Beispiele der reaktiven Verbindungen, die als Abstandhaltermoleküle dienen, umfassen Mercaptomethanol, 2-Mercaptoethanol, 3-Mercaptopropanol, 4-Mercaptobutanol, 5-Mercaptopentanol, 6-Mercaptohexanol, N,N'-Di-(3-hydroxy-n-propyl)imidazol-2-thion und verschiedene Imidazol-2-thion-Derivate, die in A.J. Arduengo, et al., J. Am. Chem. Soc., 1990, 112, 6153-6154, beschrieben sind. Bevorzugt sind 2-Mercaptoethanol, 3-Mercaptopropanol, 4-Mercaptobutanol, 5-Mercaptopentanol und 6-Mercaptohexanol. Am meisten bevorzugt ist 2-Mercaptoethanol. Diese aktiven Verbindungen können in Form von ihren Salzen mit Natrium oder Kalium vorliegen. Die Alkylenkette der aktiven Verbindung kann mit einem oder mehreren Substituenten substituiert sein, wie beispielsweise einer Kohlenwasserstoffgruppe mit 1 bis 6 Kohlenstoffatomen (z.B. Methyl, Ethyl oder Phenyl).
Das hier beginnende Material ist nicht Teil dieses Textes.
lemma parity_uniform_ncp_union:
  assumes "Q1 \<in> NCP n" "Q2 \<in> NCP n"
  shows "parity_uniform (ncp_union Q1 Q2)"
  unfolding parity_uniform_def
proof (intro ballI)
  fix B x y assume B: "B \<in> ncp_union Q1 Q2" and xy: "x \<in> B" "y \<in> B"
  have sub: "V \<subseteq> {1..n}" if "V \<in> Q1 \<or> V \<in> Q2" for V
    using assms that partition_onD1 unfolding NCP_def by blast
  from B consider (odd) V where "V \<in> Q1" "B = (\<lambda>i. 2 * i - 1) ` V"
    | (even) W where "W \<in> Q2" "B = (\<lambda>i. 2 * i) ` W"
    unfolding ncp_union_def by blast
  then show "even x = even y"
  proof cases
    case odd
    then have "odd z" if "z \<in> B" for z
      using that sub[of V] by (auto simp: Suc_le_eq)
    then show ?thesis using xy by blast
  next
    case even
    then show ?thesis using xy by auto
  qed
qed

lemma parity_uniform_block_cases:
  assumes "P \<in> NCP (2 * n)" "parity_uniform P" "B \<in> P"
  obtains (odd) "B \<subseteq> {x \<in> {1..2 * n}. odd x}" | (even) "B \<subseteq> {x \<in> {1..2 * n}. even x}"
proof -
  have range: "B \<subseteq> {1..2 * n}"
    using assms(1,3) partition_onD1 unfolding NCP_def by blast
  have same: "even x = even y" if "x \<in> B" "y \<in> B" for x y
    using assms(2,3) that unfolding parity_uniform_def by blast
  show thesis
  proof (cases "\<exists>x\<in>B. odd x")
    case True
    then obtain x where "x \<in> B" "odd x" by blast
    then show thesis using odd range same by blast
  next
    case False
    then show thesis using even range by blast
  qed
qed

lemma ncp_union_of_parity_uniform:
  assumes P: "P \<in> NCP (2 * n)" and uniform: "parity_uniform P"
  shows "\<exists>Q1\<in>NCP n. \<exists>Q2\<in>NCP n. P = ncp_union Q1 Q2"
proof -
  let ?odd = "\<lambda>i::nat. 2 * i - 1" and ?even = "\<lambda>i::nat. 2 * i"
  let ?Po = "{B \<in> P. B \<subseteq> ?odd ` {1..n}}" and ?Pe = "{B \<in> P. B \<subseteq> ?even ` {1..n}}"
  have Q1: "(\<lambda>B. ?odd -` B) ` ?Po \<in> NCP n"
  proof (rule NCP_vimage_strict_mono[OF P])
    show "strict_mono ?odd" by (rule strict_monoI) auto
    show "?odd ` {1..n} \<subseteq> {1..2 * n}" unfolding image_double_minus_one by blast
    show "B \<subseteq> ?odd ` {1..n}" if "B \<in> P" "B \<inter> ?odd ` {1..n} \<noteq> {}" for B
      using parity_uniform_block_cases[OF P uniform that(1)] that(2)
      unfolding image_double_minus_one by auto
  qed
  have Q2: "(\<lambda>B. ?even -` B) ` ?Pe \<in> NCP n"
  proof (rule NCP_vimage_strict_mono[OF P])
    show "strict_mono ?even" by (rule strict_monoI) auto
    show "?even ` {1..n} \<subseteq> {1..2 * n}" unfolding image_double by blast
    show "B \<subseteq> ?even ` {1..n}" if "B \<in> P" "B \<inter> ?even ` {1..n} \<noteq> {}" for B
      using parity_uniform_block_cases[OF P uniform that(1)] that(2)
      unfolding image_double by auto
  qed
  have "?odd ` (?odd -` B) = B" if "B \<in> ?Po" for B
    using that by (auto simp: image_vimage_eq)
  then have "(\<lambda>B. ?odd ` (?odd -` B)) ` ?Po = ?Po"
    using image_cong[of ?Po ?Po "\<lambda>B. ?odd ` (?odd -` B)" id] by simp
  moreover have "?even ` (?even -` B) = B" if "B \<in> ?Pe" for B
    using that by (auto simp: image_vimage_eq)
  then have "(\<lambda>B. ?even ` (?even -` B)) ` ?Pe = ?Pe"
    using image_cong[of ?Pe ?Pe "\<lambda>B. ?even ` (?even -` B)" id] by simp
  ultimately have "ncp_union ((\<lambda>B. ?odd -` B) ` ?Po) ((\<lambda>B. ?even -` B) ` ?Pe) = ?Po \<union> ?Pe"
    unfolding ncp_union_def image_image by simp
  also have "\<dots> = P"
  proof (intro equalityI subsetI)
    fix B assume B: "B \<in> P"
    from parity_uniform_block_cases[OF P uniform B] show "B \<in> ?Po \<union> ?Pe"
      unfolding image_double_minus_one image_double using B by cases blast+
  qed blast
  finally show ?thesis using Q1 Q2 by blast
qed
Es können zwei oder mehr unterschiedliche Abstandhaltermoleküle auf den festen Träger angeordnet werden.
[Hybridisierung]
Die Hybridisierung kann im Wesentlichen auf dieselbe Weise durchgeführt werden, wie in verschiedenen Assay-Verfahren eingesetzt, die den herkömmlichen DNA-Chip verwenden.
Wenn die elektrochemische Analyse durchgeführt wird, wird ein elektrochemisch aktives Molekül, insbesondere ein elektrochemisch aktiver Strang-Intercalator, bevorzugt zur Insertion in ein Hybrid, das aus dem DNA-Fragment und einem Proben-Nucleinsäurefragment auf dem elektrisch leitenden Trägermaterial gebildet ist, verwendet. Der Strang-Intercalator unterstützt das einfache Fließen eines elektrischen Stroms über die gebildete Hybridstruktur, und zwar von oder zu dem Trägermaterial. Der elektrochemische Strang-Intercalator kann schon vorliegen, wenn die Hybridisierung stattfindet. Andererseits kann der Strang-Intercalator mit einer zuvor gebildeten Hybridstruktur in Kontakt gebracht werden. In dem letzten Fall wird ein freies Nucleinsäurefragment, welches nicht mit dem befestigten DNA-Fragment hybridisiert, bevorzugt durch Waschen mit einem Gemisch aus einem oberflächenaktiven Mittel (bevorzugt Natriumdodecylsulfat) und einem Puffer (bevorzugt einem Citratpuffer) vor dem Kontakt mit dem Intercalator entfernt. Der Intercalator wird bevorzugt in einer wässrigen Lösung bei einer Konzentration von 10 nM bis 10 mM mit dem Hybrid in Kontakt gebracht.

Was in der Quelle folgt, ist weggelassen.